The Gold Coast, Slave Coast, Pepper Coast (or Grain Coast) and Ivory Coast were named after the main export resources found there, respectively.

Early uses of the term Gold Coast refer strictly to the coast and not the interior. It was not until the 19th century that the term came to refer to areas that are far from the coast.
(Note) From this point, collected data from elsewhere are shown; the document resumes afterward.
(* Let $\mathcal{H}$ be a finite-dimensional Hilbert space, $\{\rho_\theta;\theta\in\Theta\subset\mathbb{R}^d\}$ a smooth family of density operators, $\theta_0\in\Theta$ with $\rho=\rho_{\theta_0}$ strictly positive, and let $\{D_j^{(S)}\}_{j=1}^r$ be a basis of a $\mathcal{D}_\rho$ invariant extension of the SLD tangent space with $D_i^{(S)}=L_i^{(S)}$ for $1\le i\le d$. Let $\Sigma_{ij}=\operatorname{Tr}\rho D_j^{(S)}D_i^{(S)}$, $R=(\operatorname{Re}\Sigma)^{-1}\Sigma(\operatorname{Re}\Sigma)^{-1}=\begin{pmatrix}R_1&R_2^*\\R_2&R_3\end{pmatrix}$ with $R_1$ of size $d\times d$, $R_2$ of size $(r-d)\times d$, $R_3$ of size $(r-d)\times(r-d)$. For $\beta\in[0,1]$ let $D_i^{(\beta)}=(I+\beta\sqrt{-1}\mathcal{D}_\rho)^{-1}(D_i^{(S)})$ ($1\le i\le r$) and $\tilde J^{(\beta)}_{\theta_0}=[\langle D_i^{(\beta)},D_j^{(\beta)}\rangle^{(\beta)}]_{1\le i,j\le r}$. Then $$(\tilde J^{(\beta)}_{\theta_0})^{-1}=\operatorname{Re}R+\beta\sqrt{-1}\operatorname{Im}R,$$ and $$(J^{(\beta)}_{\theta_0})^{-1}=R_1^{(\beta)}-R_2^{(\beta)*}(R_3^{(\beta)})^{-1}R_2^{(\beta)},$$ where $R_k^{(\beta)}=\operatorname{Re}R_k+\beta\sqrt{-1}\operatorname{Im}R_k$ for $k=1,2,3$.
   Context: $\partial_i\rho=\frac{\partial}{\partial\theta^i}\rho_\theta|_{\theta=\theta_0}$. SLDs $L_i^{(S)}$: Hermitian with $\partial_i\rho=\frac12(\rho L_i^{(S)}+L_i^{(S)}\rho)$, assumed linearly independent; SLD tangent space $\mathcal{T}=\operatorname{span}_{\mathbb{R}}\{L_i^{(S)}\}$. Commutation operator: $\mathcal{D}_\rho(X)\rho+\rho\mathcal{D}_\rho(X)=\sqrt{-1}(X\rho-\rho X)$; a $\mathcal{D}_\rho$ invariant extension of $\mathcal{T}$ is a real subspace of Hermitian operators containing $\mathcal{T}$ and mapped into itself by $\mathcal{D}_\rho$. Inner product on $\mathcal{B}(\mathcal{H})$: $\langle X,Y\rangle^{(\beta)}=\frac12\operatorname{Tr}X^*\{(1+\beta)\rho Y+(1-\beta)Y\rho\}$. The $\beta$ logarithmic derivatives $L_i^{(\beta)}$ are defined by $\partial_i\rho=\frac{1+\beta}{2}\rho L_i^{(\beta)}+\frac{1-\beta}{2}L_i^{(\beta)}\rho$, and $J^{(\beta)}_{\theta_0}=[\langle L_i^{(\beta)},L_j^{(\beta)}\rangle^{(\beta)}]_{ij}$. Re, Im are entrywise. *)

theory Defs
  imports "HOL-Analysis.Analysis" "Jordan_Normal_Form.Gauss_Jordan_Elimination"
begin

no_notation Matrix.vec_index (infixl \<open>$\<close> 100)

text \<open>The r x r (and d x d) Gram-type
  matrices of the paper are Jordan_Normal_Form matrices of type complex mat,
  indexed from 0.\<close>

type_synonym 'n op = "complex^'n^'n"

definition op_smult :: "complex \<Rightarrow> 'n::finite op \<Rightarrow> 'n op" (infixr "*:" 75) where
  "c *: A = (\<chi> i j. c * A $ i $ j)"

definition op_adj :: "'n::finite op \<Rightarrow> 'n op" where
  "op_adj A = (\<chi> i j. cnj (A $ j $ i))"

definition hermitian_op :: "'n::finite op \<Rightarrow> bool" where
  "hermitian_op A \<longleftrightarrow> op_adj A = A"

definition qform :: "'n::finite op \<Rightarrow> complex^'n \<Rightarrow> complex" where
  "qform A x = (\<Sum>i\<in>UNIV. cnj (x $ i) * (A *v x) $ i)"

definition density_op :: "'n::finite op \<Rightarrow> bool" where
  "density_op A \<longleftrightarrow> hermitian_op A \<and> (\<forall>x. 0 \<le> Re (qform A x)) \<and> trace A = 1"

definition strictly_positive :: "'n::finite op \<Rightarrow> bool" where
  "strictly_positive A \<longleftrightarrow> hermitian_op A \<and> (\<forall>x. x \<noteq> 0 \<longrightarrow> 0 < Re (qform A x))"

definition comm_op :: "'n::finite op \<Rightarrow> 'n op \<Rightarrow> 'n op" where
  "comm_op \<rho> X = (THE Y. Y ** \<rho> + \<rho> ** Y = \<i> *: (X ** \<rho> - \<rho> ** X))"

definition beta_ip :: "real \<Rightarrow> 'n::finite op \<Rightarrow> 'n op \<Rightarrow> 'n op \<Rightarrow> complex" where
  "beta_ip \<beta> \<rho> X Y = (1/2) * trace (op_adj X ** (complex_of_real (1 + \<beta>) *: (\<rho> ** Y)
                                        + complex_of_real (1 - \<beta>) *: (Y ** \<rho>)))"

definition beta_logder :: "real \<Rightarrow> 'n::finite op \<Rightarrow> 'n op \<Rightarrow> 'n op" where
  "beta_logder \<beta> \<rho> dR = (THE L. dR = complex_of_real ((1 + \<beta>)/2) *: (\<rho> ** L)
                                       + complex_of_real ((1 - \<beta>)/2) *: (L ** \<rho>))"

abbreviation SLD :: "'n::finite op \<Rightarrow> 'n op \<Rightarrow> 'n op" where
  "SLD \<equiv> beta_logder 0"

definition beta_transform :: "real \<Rightarrow> 'n::finite op \<Rightarrow> 'n op \<Rightarrow> 'n op" where
  "beta_transform \<beta> \<rho> X = (THE Y. Y + (complex_of_real \<beta> * \<i>) *: comm_op \<rho> Y = X)"

definition ReM :: "complex mat \<Rightarrow> complex mat" where
  "ReM A = map_mat (\<lambda>z. complex_of_real (Re z)) A"

definition ImM :: "complex mat \<Rightarrow> complex mat" where
  "ImM A = map_mat (\<lambda>z. complex_of_real (Im z)) A"

definition adjM :: "complex mat \<Rightarrow> complex mat" where
  "adjM A = Matrix.mat (dim_col A) (dim_row A) (\<lambda>(i,j). cnj (A $$ (j,i)))"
The Gold Coast was to the east of the Ivory Coast and to the west of the Slave Coast.

==Territorial entities==
Gold Coast region territorial entities were:

- Portuguese Gold Coast (Portuguese, 1482–1642)
- Dutch Gold Coast (Dutch, 1598–1872)
- Swedish Gold Coast (Swedes, 1650–1658; 1660–1663)
- Couronian Gold Coast (Duchy of Courland and Semigallia, 1651–1661)
- Danish Gold Coast (Denmark-Norway, 1658–1850)
- Brandenburger Gold Coast and Prussian Gold Coast (Germans, 1682–1721)
- British Gold Coast (English, 1821–1957)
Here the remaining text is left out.